Perhaps it's confirmation bias that makes people think voters were outraged by Willie Horton's blackness rather than his raping and stabbing people or his being furloughed from a prison where he was held for first-degree murder.
It seems confirmation bias is a two-way street.
David Hendershot, Fullerton
To the editor: I agree with Caryl Rivers regarding the strength of confirmation bias in keeping persons divided from others who are different because of race, gender, sexual orientation, religion and other identities. However, I have found that if one is willing to change, confirmation bias can be successfully overcome through the practice of dialogue, including empathic listening.

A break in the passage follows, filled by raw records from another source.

lemma exists_tuple_parallelotope_vol_ge_power:
  fixes \<Gamma> :: "'a::euclidean_space set"
  assumes "0 \<le> \<delta>"
    and "\<And>x :: nat \<Rightarrow> 'a. \<And>J. finite J \<Longrightarrow> card J < k \<Longrightarrow> \<exists>y\<in>\<Gamma>. \<delta> \<le> infdist y (span (x ` J))"
  shows "\<exists>x. (\<forall>i\<in>{1..k}. x i \<in> \<Gamma>) \<and> \<delta> ^ k \<le> parallelotope_vol x {1..k}"
  using assms(2)
proof (induction k)
  case 0
  then show ?case
    by (simp add: parallelotope_vol_def)
next
  case (Suc k)
  then obtain x where x: "\<forall>i\<in>{1..k}. x i \<in> \<Gamma>" "\<delta> ^ k \<le> parallelotope_vol x {1..k}"
    by (meson less_SucI)
  obtain y where y: "y \<in> \<Gamma>" "\<delta> \<le> infdist y (span (x ` {1..k}))"
    using Suc.prems[of "{1..k}" x] by auto
  define x' where "x' = x(Suc k := y)"
  have "x' ` {1..k} = x ` {1..k}" "parallelotope_vol x' {1..k} = parallelotope_vol x {1..k}"
    by (auto simp: x'_def intro: parallelotope_vol_cong)
  moreover have "{1..Suc k} = insert (Suc k) {1..k}" "x' (Suc k) = y"
    by (auto simp: x'_def)
  ultimately have "parallelotope_vol x' {1..Suc k}
      = infdist y (span (x ` {1..k})) * parallelotope_vol x {1..k}"
    by (simp add: parallelotope_vol_insert_max)
  also have "\<dots> \<ge> \<delta> * \<delta> ^ k"
    using x(2) y(2) assms(1) by (intro mult_mono) (auto simp: infdist_nonneg)
  finally have "\<delta> ^ Suc k \<le> parallelotope_vol x' {1..Suc k}"
    by simp
  moreover have "\<forall>i\<in>{1..Suc k}. x' i \<in> \<Gamma>"
    using x(1) y(1) by (auto simp: x'_def)
  ultimately show ?case
    by blast
qed
(* For $\theta>0$ and an integer $n\ge1$, let $K_n(\theta)$ be a random variable with $P\{K_n(\theta)=k\}=|S_n^k|\theta^k/\theta_{(n)}$, $k=1,\dots,n$, where $\theta_{(n)}=\theta(\theta+1)\cdots(\theta+n-1)$ and $|S_n^k|$ is the coefficient of $\theta^k$ in $\theta_{(n)}$. Then, as $\theta\to\infty$, in probability: (Case A, $n$ fixed) $K_n(\theta)\to n$; (Case B, $n=n(\theta)\to\infty$, $\theta/n\to\infty$) $K_n(\theta)/n\to1$; (Case C, $n=n(\theta)\to\infty$, $\theta/n\to c\in(0,\infty)$) $K_n(\theta)/n\to\log\big(1+\frac1c\big)^c$; (Case D, $n=n(\theta)\to\infty$, $\theta/n\to0$) $K_n(\theta)/(\theta\log(n/\theta))\to1$.
   Context: $K_n(\theta)$ is the number of distinct alleles in a sample of size $n$ from a $PD(\theta)$ population. *)

theory Defs
  imports "HOL-Analysis.Analysis" "HOL-Combinatorics.Stirling"
begin

definition K_pmf :: "nat \<Rightarrow> real \<Rightarrow> nat \<Rightarrow> real" where
  "K_pmf n \<theta> k = (if 1 \<le> k \<and> k \<le> n
     then real (stirling n k) * \<theta> ^ k / pochhammer \<theta> n else 0)"

definition K_prob :: "nat \<Rightarrow> real \<Rightarrow> nat set \<Rightarrow> real" where
  "K_prob n \<theta> A = (\<Sum>k\<in>{1..n} \<inter> A. K_pmf n \<theta> k)"

end

theory Submission imports Defs "HOL-Real_Asymp.Real_Asymp" begin

text \<open>K_n(\<theta>) is distributed as a sum of independent Bernoulli variables with success
  probabilities \<theta>/(\<theta>+i), i < n; this is read off the recurrence
  |S_{n+1}^k| = n |S_n^k| + |S_n^{k-1}|, and gives the mean and variance below. Chebyshev's
  inequality reduces every case to the asymptotics of the mean, which lies within 1 of
  \<theta> ln(1 + n/\<theta>) by comparison with the integral of \<theta>/(\<theta>+x).\<close>

definition K_mean :: "nat \<Rightarrow> real \<Rightarrow> real" where
  "K_mean n \<theta> = (\<Sum>i<n. \<theta> / (\<theta> + real i))"

definition K_var :: "nat \<Rightarrow> real \<Rightarrow> real" where
  "K_var n \<theta> = (\<Sum>i<n. \<theta> * real i / (\<theta> + real i)^2)"

lemma sum_stirling_Suc:
  fixes g :: "nat \<Rightarrow> real"
  shows "(\<Sum>k\<le>Suc n. g k * real (stirling (Suc n) k) * \<theta>^k)
     = real n * (\<Sum>k\<le>n. g k * real (stirling n k) * \<theta>^k)
       + \<theta> * (\<Sum>k\<le>n. g (Suc k) * real (stirling n k) * \<theta>^k)"
proof -
  define G where "G j = g j * real (stirling n j) * \<theta>^j" for j
  have "(\<Sum>k\<le>Suc n. g k * real (stirling (Suc n) k) * \<theta>^k)
      = (\<Sum>k\<le>n. g (Suc k) * real (stirling (Suc n) (Suc k)) * \<theta>^(Suc k))"
    by (subst sum.atMost_Suc_shift) simp
  also have "\<dots> = real n * (\<Sum>k\<le>n. G (Suc k))
                 + \<theta> * (\<Sum>k\<le>n. g (Suc k) * real (stirling n k) * \<theta>^k)"
    by (simp add: G_def sum_distrib_left sum.distrib algebra_simps)
  also have "(\<Sum>k\<le>n. G (Suc k)) = (\<Sum>k\<le>Suc n. G k) - G 0"
    by (subst sum.atMost_Suc_shift) simp
  also have "real n * \<dots> = real n * (\<Sum>k\<le>n. G k)"
    by (cases n) (simp_all add: G_def)
  finally show ?thesis by (simp add: G_def)
qed
(* Let $(\mathcal E,S,\Theta_A(\mathcal E))$ and $(\mathcal F,T,\Theta_A(\mathcal F))$ be right functional $A$-modules and $(X,f)$ a functional module homomorphism between them with $X$ surjective. Then $(X,f)$ induces a ring homomorphism $\sigma\colon\mathcal K_A(\mathcal E)\to\mathcal K_A(\mathcal F)$, and $f$ is injective. If $(X,f)$ is an isomorphism (i.e. $X$ and $f$ are bijective), then $\sigma$ is an isomorphism and extends to an isomorphism $\mathcal L_A(\mathcal E)\to\mathcal L_A(\mathcal F)$.
   Context: $G$ is a discrete group; $(A,\alpha)$ is an associative ring (not necessarily commutative or unital) with $G$-action. A right functional $A$-module is a right $A$-module $\mathcal E$ with a $G$-action $S$ by additive bijections with $S_g(\xi a)=S_g(\xi)\alpha_g(a)$, together with a functional space $\Theta_A(\mathcal E)\subseteq\mathrm{Hom}_A(\mathcal E,A)$ which is a left $A$-submodule ($(a\varphi)(\xi)=a\varphi(\xi)$) invariant under $\varphi\mapsto\alpha_g\circ\varphi\circ S_{g^{-1}}$. The compact operators $\mathcal K_A(\mathcal E)$ are the finite sums of $\theta_{\eta,\varphi}(\xi)=\eta\varphi(\xi)$ ($\eta\in\mathcal E$, $\varphi\in\Theta_A(\mathcal E)$); the adjointable operators $\mathcal L_A(\mathcal E)$ are the $V\in\mathrm{Hom}_A(\mathcal E,\mathcal E)$ with $\varphi\circ V\in\Theta_A(\mathcal E)$ for all $\varphi\in\Theta_A(\mathcal E)$. A functional module homomorphism $(X,f)$ from $\mathcal E$ to $\mathcal F$ consists of a $G$-equivariant right $A$-module homomorphism $X\colon\mathcal E\to\mathcal F$ and a $G$-equivariant left $A$-module homomorphism $f\colon\Theta_A(\mathcal E)\to\Theta_A(\mathcal F)$ such that $f(\varphi)(X(\xi))=\varphi(\xi)$ for all $\varphi\in\Theta_A(\mathcal E)$, $\xi\in\mathcal E$. *)

theory Defs
  imports Main
begin

text \<open>The discrete group G is a type of class group_add (written additively:
  0 is the unit, g + h the product, -g the inverse).\<close>

definition ring_action :: "('g::group_add \<Rightarrow> 'a::ring \<Rightarrow> 'a) \<Rightarrow> bool" where
  "ring_action \<alpha> \<longleftrightarrow>
     (\<forall>g. bij (\<alpha> g) \<and> (\<forall>a b. \<alpha> g (a + b) = \<alpha> g a + \<alpha> g b \<and> \<alpha> g (a * b) = \<alpha> g a * \<alpha> g b))
     \<and> \<alpha> 0 = id \<and> (\<forall>g h. \<alpha> (g + h) = \<alpha> g \<circ> \<alpha> h)"

definition right_module :: "('e::ab_group_add \<Rightarrow> 'a::ring \<Rightarrow> 'e) \<Rightarrow> bool" where
  "right_module m \<longleftrightarrow>
     (\<forall>x y a. m (x + y) a = m x a + m y a) \<and>
     (\<forall>x a b. m x (a + b) = m x a + m x b) \<and>
     (\<forall>x a b. m x (a * b) = m (m x a) b)"

definition module_hom ::
  "('e::ab_group_add \<Rightarrow> 'a::ring \<Rightarrow> 'e) \<Rightarrow> ('f::ab_group_add \<Rightarrow> 'a \<Rightarrow> 'f) \<Rightarrow> ('e \<Rightarrow> 'f) \<Rightarrow> bool" where
  "module_hom mE mF X \<longleftrightarrow>
     (\<forall>x y. X (x + y) = X x + X y) \<and> (\<forall>x a. X (mE x a) = mF (X x) a)"

text \<open>Right functional A-module (E, S, Theta): m is the right A-action, S the G-action,
  Theta the functional space, a subset of Hom_A(E,A) (A as right module over itself).\<close>
definition functional_module ::
  "('g::group_add \<Rightarrow> 'a::ring \<Rightarrow> 'a) \<Rightarrow> ('e::ab_group_add \<Rightarrow> 'a \<Rightarrow> 'e) \<Rightarrow> ('g \<Rightarrow> 'e \<Rightarrow> 'e)
    \<Rightarrow> ('e \<Rightarrow> 'a) set \<Rightarrow> bool" where
  "functional_module \<alpha> m S \<Theta> \<longleftrightarrow>
     right_module m \<and>
     (\<forall>g. bij (S g) \<and> (\<forall>x y. S g (x + y) = S g x + S g y) \<and> (\<forall>x a. S g (m x a) = m (S g x) (\<alpha> g a)))
     \<and> S 0 = id \<and> (\<forall>g h. S (g + h) = S g \<circ> S h)
     \<and> (\<forall>\<phi>\<in>\<Theta>. module_hom m (*) \<phi>)
     \<and> (\<lambda>_. 0) \<in> \<Theta>
     \<and> (\<forall>\<phi>\<in>\<Theta>. \<forall>\<psi>\<in>\<Theta>. (\<lambda>x. \<phi> x + \<psi> x) \<in> \<Theta>)
     \<and> (\<forall>\<phi>\<in>\<Theta>. (\<lambda>x. - \<phi> x) \<in> \<Theta>)
     \<and> (\<forall>a. \<forall>\<phi>\<in>\<Theta>. (\<lambda>x. a * \<phi> x) \<in> \<Theta>)
     \<and> (\<forall>g. \<forall>\<phi>\<in>\<Theta>. \<alpha> g \<circ> \<phi> \<circ> S (- g) \<in> \<Theta>)"

definition theta_op :: "('e \<Rightarrow> 'a \<Rightarrow> 'e) \<Rightarrow> 'e \<Rightarrow> ('e \<Rightarrow> 'a) \<Rightarrow> 'e \<Rightarrow> 'e" where
  "theta_op m \<eta> \<phi> = (\<lambda>\<xi>. m \<eta> (\<phi> \<xi>))"

definition compacts :: "('e::ab_group_add \<Rightarrow> 'a \<Rightarrow> 'e) \<Rightarrow> ('e \<Rightarrow> 'a) set \<Rightarrow> ('e \<Rightarrow> 'e) set" where
  "compacts m \<Theta> = {V. \<exists>(n::nat) \<eta> \<phi>. (\<forall>i<n. \<phi> i \<in> \<Theta>) \<and>
                        V = (\<lambda>\<xi>. \<Sum>i<n. theta_op m (\<eta> i) (\<phi> i) \<xi>)}"

definition adjointables :: "('e::ab_group_add \<Rightarrow> 'a::ring \<Rightarrow> 'e) \<Rightarrow> ('e \<Rightarrow> 'a) set \<Rightarrow> ('e \<Rightarrow> 'e) set" where
  "adjointables m \<Theta> = {V. module_hom m m V \<and> (\<forall>\<phi>\<in>\<Theta>. \<phi> \<circ> V \<in> \<Theta>)}"

definition op_ring_hom :: "('e::plus \<Rightarrow> 'e) set \<Rightarrow> ('f::plus \<Rightarrow> 'f) set \<Rightarrow> (('e \<Rightarrow> 'e) \<Rightarrow> ('f \<Rightarrow> 'f)) \<Rightarrow> bool" where
  "op_ring_hom K K' \<sigma> \<longleftrightarrow> \<sigma> ` K \<subseteq> K' \<and>
     (\<forall>U\<in>K. \<forall>V\<in>K. \<sigma> (\<lambda>\<xi>. U \<xi> + V \<xi>) = (\<lambda>\<zeta>. \<sigma> U \<zeta> + \<sigma> V \<zeta>) \<and> \<sigma> (U \<circ> V) = \<sigma> U \<circ> \<sigma> V)"

definition functional_module_hom ::
  "('g::group_add \<Rightarrow> 'a::ring \<Rightarrow> 'a) \<Rightarrow> ('e::ab_group_add \<Rightarrow> 'a \<Rightarrow> 'e) \<Rightarrow> ('g \<Rightarrow> 'e \<Rightarrow> 'e) \<Rightarrow> ('e \<Rightarrow> 'a) set
    \<Rightarrow> ('f::ab_group_add \<Rightarrow> 'a \<Rightarrow> 'f) \<Rightarrow> ('g \<Rightarrow> 'f \<Rightarrow> 'f) \<Rightarrow> ('f \<Rightarrow> 'a) set
    \<Rightarrow> ('e \<Rightarrow> 'f) \<Rightarrow> (('e \<Rightarrow> 'a) \<Rightarrow> ('f \<Rightarrow> 'a)) \<Rightarrow> bool" where
  "functional_module_hom \<alpha> mE S \<Theta>E mF T \<Theta>F X f \<longleftrightarrow>
     module_hom mE mF X \<and> (\<forall>g \<xi>. X (S g \<xi>) = T g (X \<xi>))
     \<and> f ` \<Theta>E \<subseteq> \<Theta>F
     \<and> (\<forall>\<phi>\<in>\<Theta>E. \<forall>\<psi>\<in>\<Theta>E. f (\<lambda>x. \<phi> x + \<psi> x) = (\<lambda>y. f \<phi> y + f \<psi> y))
     \<and> (\<forall>a. \<forall>\<phi>\<in>\<Theta>E. f (\<lambda>x. a * \<phi> x) = (\<lambda>y. a * f \<phi> y))
     \<and> (\<forall>g. \<forall>\<phi>\<in>\<Theta>E. f (\<alpha> g \<circ> \<phi> \<circ> S (- g)) = \<alpha> g \<circ> f \<phi> \<circ> T (- g))
     \<and> (\<forall>\<phi>\<in>\<Theta>E. \<forall>\<xi>. f \<phi> (X \<xi>) = \<phi> \<xi>)"

end

theory Submission
  imports Defs
begin

text \<open>The induced map is transport of operators along X, \<open>\<sigma> V = X \<circ> V \<circ> X\<inverse>\<close> with
  \<open>X\<inverse> = inv X\<close> a right inverse of X. From \<open>f \<phi> \<circ> X = \<phi>\<close>, every functional in \<open>\<Theta>E\<close>, and
  hence every compact operator, is constant on the fibres of X: this makes \<sigma> multiplicative on
  compacts, sends \<open>\<theta>(\<eta>, \<phi>)\<close> to \<open>\<theta>(X \<eta>, f \<phi>)\<close> and forces f to be injective. If X and f are
  bijective, the inverse pair \<open>(X\<inverse>, f\<inverse>)\<close> satisfies the same hypotheses, so transport along
  \<open>X\<inverse>\<close> inverts \<sigma> on compact and on adjointable operators.\<close>

definition transport_op :: "('e \<Rightarrow> 'f) \<Rightarrow> ('e \<Rightarrow> 'e) \<Rightarrow> 'f \<Rightarrow> 'f" where
  "transport_op X V = (\<lambda>\<zeta>. X (V (inv X \<zeta>)))"

lemma transport_op_add:
  assumes "\<And>x y. X (x + y) = X x + X y"
  shows "transport_op X (\<lambda>\<xi>. U \<xi> + V \<xi>) = (\<lambda>\<zeta>. transport_op X U \<zeta> + transport_op X V \<zeta>)"
  by (simp add: transport_op_def assms)

lemma transport_op_sum:
  fixes X :: "'e::ab_group_add \<Rightarrow> 'f::ab_group_add"
  assumes "\<And>x y. X (x + y) = X x + X y"
  shows "transport_op X (\<lambda>\<xi>. \<Sum>i<n. V i \<xi>) = (\<lambda>\<zeta>. \<Sum>i<n. transport_op X (V i) \<zeta>)"
proof -
  have "X 0 = 0" using assms[of 0 0] by simp
  then show ?thesis
    by (simp add: transport_op_def sum_comp_morphism[of X, OF _ assms, symmetric] comp_def)
qed

lemma transport_op_comp:
  assumes "\<And>\<xi>. U (inv X (X \<xi>)) = U \<xi>"
  shows "transport_op X (U \<circ> V) = transport_op X U \<circ> transport_op X V"
  by (simp add: transport_op_def fun_eq_iff assms)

It is evident that the discriminatory and harassing behaviors that result from untreated confirmation bias, sometimes resulting in the death of another, are high priorities in our nation. I hope that people will choose to become involved in dialogue with others whom they may fear.
We desperately need to get beyond our divided state, which prevents us from valuing and accepting each other as human beings.